lemma focus_App_cases:
  assumes "focus c E a" and "plug E a = App t1 t2"
  obtains "E = Hole" and "redex c (App t1 t2)" and "a = App t1 t2"
  | E' where "E = CAppL E' t2" and "focus c E' a" and "plug E' a = t1"
      and "c = ValueRL \<longrightarrow> is_answer t2"
  | E' where "E = CAppR t1 E'" and "focus c E' a" and "plug E' a = t2"
      and "c = ValueLR \<and> is_answer t1 \<or> c = ValueRL"
  using assms by (cases E) auto

lemma focus_ES_cases:
  assumes "focus c E a" and "plug E a = ES t1 t2"
  obtains "E = Hole" and "redex c (ES t1 t2)" and "a = ES t1 t2"
  | E' where "E = CESL E' t2" and "focus c E' a" and "a \<noteq> Var (bdepth E')" and "plug E' a = t1"
  | E' N where "E = CESR t1 E'" and "focus c E' a" and "plug E' a = t2" and "c = Need"
      and "evctx c N" and "t1 = plug N (Var (bdepth N))"
  using assms by (cases E) auto

lemma focus_App_redex_Hole:
  assumes "focus c E a" and "plug E a = App t1 t2" and "redex c (App t1 t2)"
  shows "E = Hole"
  using assms(1,2)
proof (cases rule: focus_App_cases)
  case (2 E')
  with assms(3) show ?thesis by (auto simp: redex_iff focus_neq_answer)
next
  case (3 E')
  with assms(3) show ?thesis by (auto simp: redex_iff focus_not_answer)
qed
lemma frontier_cost_insert:
  assumes "y \<in> {2..n}" "y \<notin> M"
  shows "frontier_cost (insert y M) = frontier_cost M
           - (if y div 2 \<in> M then subtree_cost (height y) else 0)
           + (\<Sum>c\<in>children y - M. subtree_cost (height c))"
proof -
  let ?g = "\<lambda>u. subtree_cost (height u)"
  have y_parent: "y div 2 \<noteq> y" using assms(1) by auto
  have "frontier (insert y M) = (frontier M - {y}) \<union> (children y - M)"
    using assms y_parent unfolding frontier_def children_def by auto
  moreover have "(frontier M - {y}) \<inter> (children y - M) = {}"
    using assms unfolding frontier_def children_def by auto
  moreover have "finite (frontier M)" "finite (children y)"
    unfolding frontier_def children_def by auto
  ultimately have "frontier_cost (insert y M) = sum ?g (frontier M - {y}) + sum ?g (children y - M)"
    unfolding frontier_cost_def by (simp add: sum.union_disjoint)
  moreover have "sum ?g (frontier M - {y}) = frontier_cost M - (if y \<in> frontier M then ?g y else 0)"
    unfolding frontier_cost_def using \<open>finite (frontier M)\<close> by (simp add: sum_diff1)
  moreover have "y \<in> frontier M \<longleftrightarrow> y div 2 \<in> M"
    using assms unfolding frontier_def by auto
  ultimately show ?thesis by simp
qed

lemma unmarked_below_unmarked:
  assumes "traversal_inv M x" "y \<notin> M" "c \<in> children y" "c \<noteq> x"
  shows "c \<notin> M"
  using assms unfolding traversal_inv_def children_def by auto

lemma trav_step_cases:
  assumes "trav_step n 2 M x y" "x \<ge> 1"
  obtains (up) "case_a 2 M x" "y = x div 2"
    | (down) "\<not> case_a 2 M x" "y \<in> children x - M"
    | (jump) "\<not> case_a 2 M x" "\<not> case_b n 2 M x" "tleaf n 2 y" "y \<notin> M"
proof (cases "case_a 2 M x")
  case True
  then have "y = x div 2"
    using assms tparent_binary[of x] case_a_iff[of x M] unfolding trav_step_def by simp
  then show ?thesis using True up by blast
next
  case False
  show ?thesis
  proof (cases "case_b n 2 M x")
    case True
    then have "y \<in> children x - M"
      using assms False tchild_iff_children[of x y] unfolding trav_step_def by simp
    then show ?thesis using False down by blast
  next
    case no_b: False
    then have "tleaf n 2 y" "y \<notin> M" using assms False unfolding trav_step_def by simp_all
    then show ?thesis using False no_b jump by blast
  qed
qed

lemma step_invariant:
  assumes inv: "traversal_inv M x" and step: "trav_step n 2 M x y"
  shows "y \<notin> M \<and> y \<in> {1..n} \<and> traversal_inv (insert y M) y"
proof -
  have x: "x \<in> {1..n}" using inv unfolding traversal_inv_def by auto
  then have "x \<ge> 1" by simp
  with step show ?thesis
  proof (cases rule: trav_step_cases)
    case up
    then have "y \<notin> M" "y \<in> {1..n}" using x case_a_iff[of x M] by auto
    then show ?thesis using inv up unfolding traversal_inv_def by auto
  next
    case down
    then have "x = 1 \<or> x div 2 \<in> M" using x case_a_iff[of x M] by auto
    then show ?thesis using inv down unfolding traversal_inv_def children_def by auto
  next
    case jump
    then have "x = 1 \<or> x div 2 \<in> M" using x case_a_iff[of x M] by auto
    then show ?thesis using inv jump unfolding traversal_inv_def tleaf_iff_height by auto
  qed
qed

———

What you should do -
Go through the records. Copy each line where "obtains" appears.

Output of the task -
  obtains "E = Hole" and "redex c (App t1 t2)" and "a = App t1 t2"
  obtains "E = Hole" and "redex c (ES t1 t2)" and "a = ES t1 t2"
  obtains (up) "case_a 2 M x" "y = x div 2"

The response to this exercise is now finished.